El Principio de Arquímedes
El principio de Arquímedes es una ley física que establece que todo cuerpo sumergido en un fluido (líquido o gas) experimenta un empuje vertical hacia arriba igual al peso del fluido desalojado. Es decir, cuando introduces un objeto en un líquido, el líquido ejerce una fuerza hacia arriba sobre el objeto.

Imagina que sumerges una pelota en agua. La pelota desplaza una cierta cantidad de agua. El principio de Arquímedes dice que la fuerza que el agua ejerce sobre la pelota hacia arriba es igual al peso de esa cantidad de agua desplazada. Esta fuerza se llama empuje o fuerza de flotación.
Si el empuje es mayor que el peso del objeto, el objeto flotará. Si el empuje es menor que el peso del objeto, se hundirá. Si el empuje es igual al peso del objeto, el objeto permanecerá suspendido en el líquido. Piensa en un barco: aunque está hecho de acero (que es más denso que el agua), su forma le permite desplazar una gran cantidad de agua, generando un empuje suficiente para mantenerlo a flote.
El Huevo en Agua Dulce y Salada
Un huevo fresco tiene una densidad ligeramente mayor que la del agua dulce. Por lo tanto, cuando colocas un huevo en un vaso con agua dulce, el peso del huevo es mayor que el empuje del agua, y el huevo se hunde.

Ahora, ¿qué pasa cuando agregas sal al agua?
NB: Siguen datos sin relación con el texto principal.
lemma eventually_uniform_angle_reflections:
  assumes "finite I"
    and "\<forall>i\<in>Iset I \<phi> x. continuous_on {y. \<phi> i y = 0} (\<gamma> i) \<and> 0 < n \<bullet> \<gamma> i x"
  shows "\<exists>c>0. eventually (\<lambda>y. \<forall>i\<in>Iset I \<phi> x. \<phi> i y = 0 \<longrightarrow> c * norm (\<gamma> i y) \<le> n \<bullet> \<gamma> i y) (nhds x)"
proof -
  let ?P = "\<lambda>c i. eventually (\<lambda>y. \<phi> i y = 0 \<longrightarrow> c * norm (\<gamma> i y) \<le> n \<bullet> \<gamma> i y) (nhds x)"
  \<comment> \<open>the admissible constants of each face contain an interval \<open>]0, c]\<close>, so finitely many
    faces share a common one\<close>
  have "eventually (\<lambda>c. ?P c i) (at_right 0)" if i: "i \<in> Iset I \<phi> x" for i
  proof -
    obtain c where "0 < c" and c: "?P c i"
      using eventually_inner_ge_norm[of "{y. \<phi> i y = 0}" "\<gamma> i" x n] assms(2) i
      by (auto simp: Iset_def)
    have "?P c' i" if "c' < c" for c'
      using c
    proof (rule eventually_mono, intro impI)
      fix y assume "\<phi> i y = 0 \<longrightarrow> c * norm (\<gamma> i y) \<le> n \<bullet> \<gamma> i y" "\<phi> i y = 0"
      moreover have "c' * norm (\<gamma> i y) \<le> c * norm (\<gamma> i y)" using that by (simp add: mult_right_mono)
      ultimately show "c' * norm (\<gamma> i y) \<le> n \<bullet> \<gamma> i y" by linarith
    qed
    then show ?thesis unfolding eventually_at_right_field using \<open>0 < c\<close> by blast
  qed
  moreover have "finite (Iset I \<phi> x)" using assms(1) by (simp add: Iset_def)
  ultimately have "eventually (\<lambda>c. \<forall>i\<in>Iset I \<phi> x. ?P c i) (at_right 0)"
    by (intro eventually_ball_finite) auto
  then have "eventually (\<lambda>c. 0 < c \<and> (\<forall>i\<in>Iset I \<phi> x. ?P c i)) (at_right 0)"
    by (intro eventually_conj eventually_at_right_less)
  then obtain c where "0 < c" "\<forall>i\<in>Iset I \<phi> x. ?P c i"
    using eventually_happens'[OF trivial_limit_at_right_real] by blast
  then show ?thesis
    using eventually_ball_finite[OF \<open>finite (Iset I \<phi> x)\<close>] by (intro exI[of _ c]) auto
qed

lemma eventually_Iset_subset:
  assumes "finite I" "\<forall>i\<in>I. continuous_on UNIV (\<phi> i)"
  shows "eventually (\<lambda>y. Iset I \<phi> y \<subseteq> Iset I \<phi> x) (nhds x)"
proof -
  have "eventually (\<lambda>y. \<phi> i y \<noteq> 0) (nhds x)" if "i \<in> I" "\<phi> i x \<noteq> 0" for i
  proof -
    have "open {y. \<phi> i y \<noteq> 0}"
      using assms(2) that(1) by (intro open_Collect_neq continuous_on_const) auto
    then show ?thesis using eventually_nhds_in_open that(2) by fastforce
  qed
  then have "eventually (\<lambda>y. \<forall>i\<in>I. \<phi> i x \<noteq> 0 \<longrightarrow> \<phi> i y \<noteq> 0) (nhds x)"
    using assms(1) by (intro eventually_ball_finite) (auto intro: eventually_mono)
  then show ?thesis by (rule eventually_mono) (auto simp: Iset_def)
qed

lemma inner_dcone_ge:
  assumes "Iset I \<phi> y \<subseteq> Iset I \<phi> x"
    and "\<forall>i\<in>Iset I \<phi> x. \<phi> i y = 0 \<longrightarrow> c * norm (\<gamma> i y) \<le> n \<bullet> \<gamma> i y"
    and "0 \<le> c" "d \<in> dcone I \<phi> \<gamma> y"
  shows "c * norm d \<le> n \<bullet> d"
proof -
  obtain t where t: "\<forall>i. 0 \<le> t i" and d: "d = (\<Sum>i\<in>Iset I \<phi> y. t i *\<^sub>R \<gamma> i y)"
    using assms(4) unfolding dcone_def by auto
  have "c * norm d \<le> c * (\<Sum>i\<in>Iset I \<phi> y. t i * norm (\<gamma> i y))"
    unfolding d using norm_sum[of "\<lambda>i. t i *\<^sub>R \<gamma> i y"] t assms(3)
    by (intro mult_left_mono) auto
  also have "\<dots> \<le> (\<Sum>i\<in>Iset I \<phi> y. t i * (n \<bullet> \<gamma> i y))"
    unfolding sum_distrib_left
  proof (intro sum_mono)
    fix i assume "i \<in> Iset I \<phi> y"
    then have "c * norm (\<gamma> i y) \<le> n \<bullet> \<gamma> i y" using assms(1,2) by (auto simp: Iset_def)
    then show "c * (t i * norm (\<gamma> i y)) \<le> t i * (n \<bullet> \<gamma> i y)"
      using t by (metis mult.left_commute mult_left_mono)
  qed
  also have "\<dots> = n \<bullet> d" unfolding d by (simp add: inner_sum_right)
  finally show ?thesis .
qed

lemma Uset_normal_pos_on_reflections:
  assumes "x \<in> Uset I \<phi> \<gamma>" "finite I" "\<And>i. i \<in> Iset I \<phi> x \<Longrightarrow> \<gamma> i x \<noteq> 0"
  obtains n where "n \<in> ncone I \<phi> x" "\<forall>i\<in>Iset I \<phi> x. 0 < n \<bullet> \<gamma> i x"
proof -
  obtain n where n: "n \<in> ncone I \<phi> x" and pos: "\<forall>d\<in>dcone I \<phi> \<gamma> x - {0}. 0 < n \<bullet> d"
    using assms(1) unfolding Uset_def by auto
  have "\<gamma> i x \<in> dcone I \<phi> \<gamma> x" if "i \<in> Iset I \<phi> x" for i
  proof -
    have "finite (Iset I \<phi> x)" using assms(2) by (simp add: Iset_def)
    have "(\<Sum>j\<in>Iset I \<phi> x. (if j = i then 1 else 0) *\<^sub>R \<gamma> j x)
        = (\<Sum>j\<in>Iset I \<phi> x. if j = i then \<gamma> j x else 0)"
      by (rule sum.cong) auto
    also have "\<dots> = \<gamma> i x" using that \<open>finite (Iset I \<phi> x)\<close> by simp
    finally have "(\<Sum>j\<in>Iset I \<phi> x. (if j = i then 1 else 0) *\<^sub>R \<gamma> j x) = \<gamma> i x" .
    then show ?thesis unfolding dcone_def by (intro CollectI exI[of _ "\<lambda>j. if j = i then 1 else 0"]) auto
  qed
  with pos assms(3) have "\<forall>i\<in>Iset I \<phi> x. 0 < n \<bullet> \<gamma> i x" by blast
  with n show ?thesis by (rule that)
qed

lemma Uset_local_oblique_cone:
  assumes "piecewise_C1_cont_refl I \<phi> \<gamma>" "x \<in> Uset I \<phi> \<gamma>"
  obtains n c \<rho> where "0 < c" "0 < \<rho>"
    "\<forall>y\<in>closure (Gdom I \<phi>). dist y x < \<rho> \<longrightarrow> - (c / 4 * norm (y - x)) \<le> n \<bullet> (y - x)"
    "\<forall>y. dist y x < \<rho> \<longrightarrow> (\<forall>d\<in>dcone I \<phi> \<gamma> y. c * norm d \<le> n \<bullet> d)"
proof -
  have fin: "finite I" and diff: "\<forall>i\<in>I. \<phi> i differentiable_on UNIV"
    and refl: "\<forall>i\<in>Iset I \<phi> x. continuous_on {y. \<phi> i y = 0} (\<gamma> i) \<and> \<gamma> i x \<noteq> 0"
    using assms(1) by (fastforce simp: piecewise_C1_cont_refl_def C1_on_def Iset_def)+
  then have cont: "\<forall>i\<in>I. continuous_on UNIV (\<phi> i)" by (simp add: differentiable_imp_continuous_on)
  obtain n where n: "n \<in> ncone I \<phi> x" "\<forall>i\<in>Iset I \<phi> x. 0 < n \<bullet> \<gamma> i x"
    using Uset_normal_pos_on_reflections[OF assms(2) fin] refl by blast
  then obtain c where "0 < c"
    and "eventually (\<lambda>y. \<forall>i\<in>Iset I \<phi> x. \<phi> i y = 0 \<longrightarrow> c * norm (\<gamma> i y) \<le> n \<bullet> \<gamma> i y) (nhds x)"
    using eventually_uniform_angle_reflections[OF fin] refl by blast
  moreover have "eventually (\<lambda>y. y \<in> closure (Gdom I \<phi>) \<longrightarrow> - (c / 4 * norm (y - x)) \<le> n \<bullet> (y - x)) (nhds x)"
    using eventually_ncone_inner_ge[OF fin diff n(1), of "c / 4"] \<open>0 < c\<close> by simp
  moreover have "eventually (\<lambda>y. Iset I \<phi> y \<subseteq> Iset I \<phi> x) (nhds x)"
    by (rule eventually_Iset_subset[OF fin cont])
  ultimately have "eventually (\<lambda>y. (\<forall>i\<in>Iset I \<phi> x. \<phi> i y = 0 \<longrightarrow> c * norm (\<gamma> i y) \<le> n \<bullet> \<gamma> i y)
      \<and> (y \<in> closure (Gdom I \<phi>) \<longrightarrow> - (c / 4 * norm (y - x)) \<le> n \<bullet> (y - x))
      \<and> Iset I \<phi> y \<subseteq> Iset I \<phi> x) (nhds x)"
    by (intro eventually_conj)
  then obtain \<rho> where "0 < \<rho>" and \<rho>: "\<And>y. dist y x < \<rho> \<Longrightarrow>
      (\<forall>i\<in>Iset I \<phi> x. \<phi> i y = 0 \<longrightarrow> c * norm (\<gamma> i y) \<le> n \<bullet> \<gamma> i y)
      \<and> (y \<in> closure (Gdom I \<phi>) \<longrightarrow> - (c / 4 * norm (y - x)) \<le> n \<bullet> (y - x))
      \<and> Iset I \<phi> y \<subseteq> Iset I \<phi> x"
    unfolding eventually_nhds_metric by blast
  show ?thesis
  proof (rule that[OF \<open>0 < c\<close> \<open>0 < \<rho>\<close>])
    show "\<forall>y\<in>closure (Gdom I \<phi>). dist y x < \<rho> \<longrightarrow> - (c / 4 * norm (y - x)) \<le> n \<bullet> (y - x)"
      using \<rho> by blast
    show "\<forall>y. dist y x < \<rho> \<longrightarrow> (\<forall>d\<in>dcone I \<phi> \<gamma> y. c * norm d \<le> n \<bullet> d)"
    proof (intro allI impI ballI)
      fix y d assume "dist y x < \<rho>" "d \<in> dcone I \<phi> \<gamma> y"
      then show "c * norm d \<le> n \<bullet> d"
        using \<rho>[of y] \<open>0 < c\<close> by (intro inner_dcone_ge[of I \<phi> y x c \<gamma> n]) auto
    qed
  qed
qed

lemma closed_exceptional_set:
  assumes "piecewise_C1_cont_refl I \<phi> \<gamma>" "finite V"
  shows "closed (V \<union> (\<Union>i\<in>I - Iset I \<phi> x. frontier (Gdom I \<phi>) \<inter> {y. \<phi> i y = 0}))"
proof -
  have "finite I" "\<forall>i\<in>I. continuous_on UNIV (\<phi> i)"
    using assms(1) by (auto simp: piecewise_C1_cont_refl_def C1_on_def differentiable_imp_continuous_on)
  then show ?thesis using assms(2)
    by (intro closed_Un finite_imp_closed closed_UN ballI closed_Int frontier_closed closed_Collect_eq
        continuous_on_const) auto
qed

lemma obtain_radius_below_infdist:
  assumes "closed S" "x \<notin> S"
  obtains D where "0 < D" "S \<noteq> {} \<longrightarrow> D < infdist x S"
proof
  show "0 < (if S = {} then 1 else infdist x S / 2)"
    using infdist_pos_not_in_closed[OF assms(1) _ assms(2)] by auto
  show "S \<noteq> {} \<longrightarrow> (if S = {} then 1 else infdist x S / 2) < infdist x S"
    using infdist_pos_not_in_closed[OF assms(1) _ assms(2)] by auto
qed

section \<open>The test functions\<close>

definition bump_quadratic :: "real^'n \<Rightarrow> real^'n \<Rightarrow> real \<Rightarrow> real \<Rightarrow> real^'n \<Rightarrow> real" where
  "bump_quadratic x n c r = quadratic x n (4 / (c * r)) (2 / r^2)"

definition bump :: "real^'n \<Rightarrow> real^'n \<Rightarrow> real \<Rightarrow> real \<Rightarrow> real^'n \<Rightarrow> real" where
  "bump x n c r = (\<lambda>y. cutoff (bump_quadratic x n c r y))"

lemma bump_quadratic_eq:
  assumes "0 < r"
  shows "bump_quadratic x n c r y = 4 / (c * r) * (n \<bullet> (y - x)) + 2 * (norm (y - x) / r)^2"
  using assms by (simp add: bump_quadratic_def quadratic_def power2_norm_eq_inner power_divide)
Cuando disuelves sal en agua, estás aumentando la masa del agua sin aumentar significativamente su volumen. Esto significa que estás aumentando la densidad del agua. El agua salada es más densa que el agua dulce.
Cuando el agua se vuelve lo suficientemente salada, su densidad supera la densidad del huevo. En este punto, el empuje del agua salada sobre el huevo es mayor que el peso del huevo. Como resultado, el huevo flota. La fuerza de flotación es lo suficientemente fuerte para vencer la gravedad que tira del huevo hacia abajo.

Ejemplos Reales
Este mismo principio se aplica a muchas situaciones cotidianas. Por ejemplo, es más fácil flotar en el Mar Muerto que en una piscina. El Mar Muerto tiene una concentración extremadamente alta de sal, lo que lo hace muy denso, y por lo tanto, proporciona un gran empuje.
Los barcos flotan debido a que están diseñados para desplazar una gran cantidad de agua, generando suficiente empuje para contrarrestar su peso. Los submarinos pueden hundirse o flotar controlando su densidad. Llenan o vacían tanques de lastre con agua para cambiar su densidad y así controlar su profundidad.
En resumen, la flotabilidad de un objeto depende de su densidad en comparación con la densidad del fluido en el que se encuentra y de la fuerza de empuje. El experimento del huevo en agua dulce y salada es una excelente manera de visualizar y comprender estos conceptos fundamentales de la física. ¡Ahora puedes impresionar a tus amigos con tu conocimiento!